The Wisdom of the Body Revisited
Benjamin Recht, UC Berkeley
In 1932, Walter Cannon published his seminal text, The Wisdom of the Body, introducing the notion of homeostasis. He conceived of the body as a complex system actively working to keep itself in a stable state despite adversarial engagement with an uncertain and dangerous environment. Cannon’s concept of homeostasis would not only revolutionize the way we think about medicine but also inspire cyberneticists and early artificial intelligence researchers to think about the body and brain as well-regulated machines.
In this talk, I refocus Canon's work under a contemporary lens, showing how non-neural biological networks do very smart things. I will describe concepts from feedback control that illuminate necessary architectures for homeostasis. I will show how such systems can be both resilient to most disturbances while fragile to specific adversarial vectors. Identifying these fragilities can guide positive interventions that can steer dysregulated systems back to stable behavior. Throughout, I aim to highlight the role of mathematical and qualitative theory in our understanding and optimization of systems that behave effectively in unknown futures.

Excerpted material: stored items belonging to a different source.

lemma set_swap_blocks_subset:
  "a < q \<Longrightarrow> c < q \<Longrightarrow> set y \<subseteq> {..<q} \<Longrightarrow> set (swap_blocks b K a c y) \<subseteq> {..<q}"
proof -
  assume "a < q" "c < q" "set y \<subseteq> {..<q}"
  then have "\<And>i. i < length y \<Longrightarrow> y ! i < q" by (meson lessThan_iff nth_mem subsetD)
  with \<open>a < q\<close> \<open>c < q\<close> show ?thesis by (auto simp: swap_blocks_def transpose_def)
qed

lemma prec_set_subset: "prec_set U t b a c \<subseteq> U"
  unfolding prec_set_def by blast

lemma prec_set_mono: "U \<subseteq> V \<Longrightarrow> prec_set U t b a c \<subseteq> prec_set V t b a c"
  unfolding prec_set_def by blast

lemma prec_set_disjoint: "a \<noteq> c \<Longrightarrow> prec_set U t b a c \<inter> prec_set U t b c a = {}"
proof (rule equals0I)
  fix y assume "a \<noteq> c" and "y \<in> prec_set U t b a c \<inter> prec_set U t b c a"
  then obtain i1 i2 where "y ! (i1 * b) = a" "\<forall>j<i1. y ! (j * b) \<notin> {a, c}"
    and "y ! (i2 * b) = c" "\<forall>j<i2. y ! (j * b) \<notin> {c, a}" unfolding prec_set_def by blast
  with \<open>a \<noteq> c\<close> show False by (cases i1 i2 rule: linorder_cases) auto
qed

lemma prec_set_Un:
  assumes "\<And>y. y \<in> U \<Longrightarrow> \<exists>k\<le>t. y ! (k * b) = c"
  shows "U = prec_set U t b a c \<union> prec_set U t b c a"
proof (intro equalityI subsetI)
  fix y assume y: "y \<in> U"
  define P where "P i \<longleftrightarrow> i \<le> t \<and> y ! (i * b) \<in> {a, c}" for i
  define i where "i = (LEAST i. P i)"
  obtain k where "P k" using assms[OF y] unfolding P_def by blast
  then have "P i" unfolding i_def by (rule LeastI)
  have before: "y ! (j * b) \<noteq> a \<and> y ! (j * b) \<noteq> c" if "j < i" for j
  proof -
    have "\<not> P j" using that unfolding i_def by (rule not_less_Least)
    moreover have "j \<le> t" using \<open>P i\<close> that unfolding P_def by simp
    ultimately show ?thesis unfolding P_def by blast
  qed
  consider "y ! (i * b) = a" | "y ! (i * b) = c" using \<open>P i\<close> unfolding P_def by blast
  then show "y \<in> prec_set U t b a c \<union> prec_set U t b c a"
  proof cases
    case 1
    then have "y \<in> prec_set U t b a c" using y \<open>P i\<close> before unfolding prec_set_def P_def by blast
    then show ?thesis by blast
  next
    case 2
    then have "y \<in> prec_set U t b c a" using y \<open>P i\<close> before unfolding prec_set_def P_def by blast
    then show ?thesis by blast
  qed
qed (auto simp: prec_set_def)

text \<open>No earlier block start carries \<open>c\<close>, so the exchanged block becomes the first \<open>\<alpha>\<close> of the image;
  this is what makes the exchange invertible (last claim).\<close>

lemma swap_blocks_prec_set:
  assumes x: "set (c # x') \<subseteq> {..<q}" and "\<alpha> < q" and "\<alpha> \<noteq> c" and "0 < b"
    and "y \<in> prec_set (ins_set q b t (c # x')) t b \<alpha> c"
  defines "w \<equiv> swap_blocks b (first_block b t c y) \<alpha> c y"
  shows "y \<in> ins_set q b t (\<alpha> # x')"
    and "w \<in> ins_set q b t (c # x') \<inter> ins_set q b t (\<alpha> # x')"
    and "w \<in> prec_set (ins_set q b t (c # x')) t b c \<alpha>"
    and "first_block b t \<alpha> w = first_block b t c y"
proof -
  define k where "k = first_block b t c y"
  note w_def = w_def[folded k_def]
  obtain i where y: "y \<in> ins_set q b t (c # x')" and i: "i \<le> t" "y ! (i * b) = \<alpha>"
    and before_i: "\<forall>j<i. y ! (j * b) \<notin> {\<alpha>, c}"
    using assms(5) unfolding prec_set_def by blast
  note anchor = first_block_anchor[OF x y, folded k_def]
  have "i < k"
  proof (rule ccontr)
    assume "\<not> i < k"
    then have "k < i \<or> k = i" by linarith
    then show False using anchor(2) before_i i(2) \<open>\<alpha> \<noteq> c\<close> by auto
  qed
  have y_set: "set y \<subseteq> {..<q}" using set_ins_set_subset[OF x y] .
  have k_len: "k * b < length y" using block_start_less_length[OF y anchor(1)] .
  show "y \<in> ins_set q b t (\<alpha> # x')"
    using ins_set_Cons_of_anchor[OF y_set less_imp_le[OF \<open>i < k\<close>] anchor(1) k_len anchor(4)] i(2)
    by simp
  have w_set: "set w \<subseteq> {..<q}"
    unfolding w_def using set_swap_blocks_subset[OF \<open>\<alpha> < q\<close> _ y_set] x by simp
  have w_len: "k * b < length w" using k_len by (simp add: w_def)
  have w_drop: "drop (k * b + 1) w \<in> ins_set q b (t - k) x'"
    using anchor(4) drop_swap_blocks[OF \<open>0 < b\<close>] by (simp add: w_def)
  have w_block: "w ! (j * b) = Transposition.transpose \<alpha> c (y ! (j * b))" if "j \<le> k" for j
  proof -
    have "j * b < length y" using mult_le_mono1[OF that, of b] k_len by linarith
    then show ?thesis unfolding w_def using nth_swap_blocks_block[OF \<open>0 < b\<close> that] by blast
  qed
  have w_k: "w ! (k * b) = \<alpha>" and w_i: "w ! (i * b) = c"
    using w_block[of k] w_block[of i] anchor(2) i(2) \<open>i < k\<close> by simp_all
  have w_in_c: "w \<in> ins_set q b t (c # x')"
    using ins_set_Cons_of_anchor[OF w_set less_imp_le[OF \<open>i < k\<close>] anchor(1) w_len w_drop] w_i
    by simp
  moreover have "w \<in> ins_set q b t (\<alpha> # x')"
    using ins_set_Cons_of_anchor[OF w_set order_refl anchor(1) w_len w_drop] w_k by simp
  ultimately show "w \<in> ins_set q b t (c # x') \<inter> ins_set q b t (\<alpha> # x')" by blast
  have "\<forall>j<i. w ! (j * b) \<notin> {c, \<alpha>}"
    using w_block before_i \<open>i < k\<close> by (auto simp: transpose_eq_iff)
  then show "w \<in> prec_set (ins_set q b t (c # x')) t b c \<alpha>"
    unfolding prec_set_def using w_in_c i(1) w_i by blast
  show "first_block b t \<alpha> w = first_block b t c y"
    unfolding k_def[symmetric]
  proof (rule first_block_eqI[OF anchor(1) w_k])
    fix j assume "j < k"
    then show "w ! (j * b) \<noteq> \<alpha>" using w_block[of j] anchor(3)[of j] \<open>\<alpha> \<noteq> c\<close> by (auto simp: transpose_eq_iff)
  qed
qed

lemma two_card_prec_set_le_card_Int:
  assumes "set (c # x') \<subseteq> {..<q}" and "\<alpha> < q" and "\<alpha> \<noteq> c" and "0 < b"
  shows "2 * card (prec_set (ins_set q b t (c # x')) t b \<alpha> c)
    \<le> card (ins_set q b t (c # x') \<inter> ins_set q b t (\<alpha> # x'))"
proof -
  let ?I = "ins_set q b t (c # x') \<inter> ins_set q b t (\<alpha> # x')"
  define S where "S = prec_set (ins_set q b t (c # x')) t b \<alpha> c"
  define F where "F y = swap_blocks b (first_block b t c y) \<alpha> c y" for y
  note swap = swap_blocks_prec_set[OF assms, of _ t, folded S_def F_def]
  have S: "S \<subseteq> ?I" using swap(1) prec_set_subset unfolding S_def by blast
  have FS: "F ` S \<subseteq> ?I" using swap(2) by blast
  have "S \<inter> F ` S = {}" using swap(3) prec_set_disjoint[OF \<open>\<alpha> \<noteq> c\<close>] unfolding S_def by blast
  moreover have fin: "finite ?I" by (simp add: finite_ins_set)
  ultimately have "card (S \<union> F ` S) = card S + card (F ` S)"
    using finite_subset[OF S fin] finite_subset[OF FS fin] by (intro card_Un_disjoint)
  moreover have "inj_on F S"
  proof (rule inj_onI)
    fix y1 y2 assume "y1 \<in> S" "y2 \<in> S" "F y1 = F y2"
    then have "first_block b t c y1 = first_block b t c y2" using swap(4) by metis
    then show "y1 = y2" using \<open>F y1 = F y2\<close> swap_blocks_involutory unfolding F_def by metis
  qed
  moreover have "card (S \<union> F ` S) \<le> card ?I" using S FS fin by (intro card_mono) auto
  ultimately show ?thesis unfolding S_def by (simp add: card_image)
qed

lemma card_Int_ins_set_le_Nplus:
  assumes "x \<in> seqs q n" and "y \<in> seqs q n" and "x \<noteq> y"
  shows "card (ins_set q b t x \<inter> ins_set q b t y) \<le> Nplus q b n t"
proof -
  let ?card = "\<lambda>(x, y). card (ins_set q b t x \<inter> ins_set q b t y)"
  let ?C = "{card (ins_set q b t x \<inter> ins_set q b t y) | x y. x \<in> seqs q n \<and> y \<in> seqs q n \<and> x \<noteq> y}"
  have "?C \<subseteq> ?card ` (seqs q n \<times> seqs q n)"
  proof
    fix m assume "m \<in> ?C"
    then obtain x y where "m = ?card (x, y)" "(x, y) \<in> seqs q n \<times> seqs q n" by auto
    then show "m \<in> ?card ` (seqs q n \<times> seqs q n)" by (rule image_eqI)
  qed
  then have "finite ?C" by (rule finite_subset) (simp add: finite_seqs)
  moreover have "card (ins_set q b t x \<inter> ins_set q b t y) \<in> ?C" using assms by auto
  ultimately show ?thesis unfolding Nplus_def by (rule Max_ge)
qed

Accelerating Nonconvex Optimization via Online Learning
Aryan Mokhtari, UT Austin
A fundamental problem in optimization is finding an ε-first-order stationary point of a smooth function using only gradient information. The best-known gradient query complexity for this task, assuming both the gradient and Hessian of the objective function are Lipschitz continuous, is O( ε^(−7/4) ). In this talk, I present a method with a gradient complexity of O( d^(1/4) ε^(−13/8) ), where d is the problem dimension—yielding improved complexity when d = O( ε^(−1/2) ). The proposed method builds on quasi-Newton ideas and operates by solving two online learning problems under the hood.